START MATERIAL FOR THE TASK

(* Let $m$ denote normalized Lebesgue (Haar) measure on $\mathbb T$. Then \[\bigcap_{n=1}^\infty\overline{\mathrm{conv}\{\widehat R_k(\mu):k\ge n,\ \mu\in\mathcal M(\mathbb T)\}}=\{m\},\] where the closure is taken in the total-variation norm.
   Context: $\mathcal M(\mathbb T)$ is the set of Borel probability measures on $\mathbb T$, viewed as states on $C(\mathbb T)$ via integration. For $\theta\in\mathbb R$, $\rho_\theta$ is the Markov operator $\rho_\theta(f)(z)=f(e^{i\theta}z)$ on $C(\mathbb T)$; for $k\in\mathbb N$, $R_k=\frac1k\sum_{j=0}^{k-1}\rho_{2\pi j/k}$, and $\widehat R_k:\mathcal M(\mathbb T)\to\mathcal M(\mathbb T)$ is given by $\widehat R_k(\mu)(f)=\mu(R_k(f))$. The total-variation norm is $\|\mu-\nu\|=|\mu-\nu|(\mathbb T)$, equal to the norm of $\mu-\nu$ as a functional on $C(\mathbb T)$. *)

theory Defs
  imports "HOL-Probability.Probability"
begin

definition circle :: "complex set" where
  "circle = sphere 0 1"

definition circ_borel :: "complex measure" where
  "circ_borel = restrict_space borel circle"

definition circ_prob :: "complex measure \<Rightarrow> bool" where
  "circ_prob \<mu> \<longleftrightarrow> prob_space \<mu> \<and> sets \<mu> = sets circ_borel"

definition rot :: "nat \<Rightarrow> nat \<Rightarrow> complex \<Rightarrow> complex" where
  "rot k j z = cis (2 * pi * real j / real k) * z"

text \<open>The dual map hat R_k: hat R_k(mu)(f) = mu(R_k f) = (1/k) sum_j int f(e^{2 pi i j/k} z) dmu,
  i.e. hat R_k(mu) = (1/k) sum_j (push-forward of mu under rotation by 2 pi j / k).\<close>
definition Rhat :: "nat \<Rightarrow> complex measure \<Rightarrow> complex measure" where
  "Rhat k \<mu> = measure_of circle (sets circ_borel)
     (\<lambda>A. (\<Sum>j<k. emeasure (distr \<mu> circ_borel (rot k j)) A) / of_nat k)"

END MATERIAL FOR THE TASK

Show every line above in which the word "circle" appears.

definition circle :: "complex set" where
  "circle = sphere 0 1"
  "circ_borel = restrict_space borel circle"
  "Rhat k \<mu> = measure_of circle (sets circ_borel)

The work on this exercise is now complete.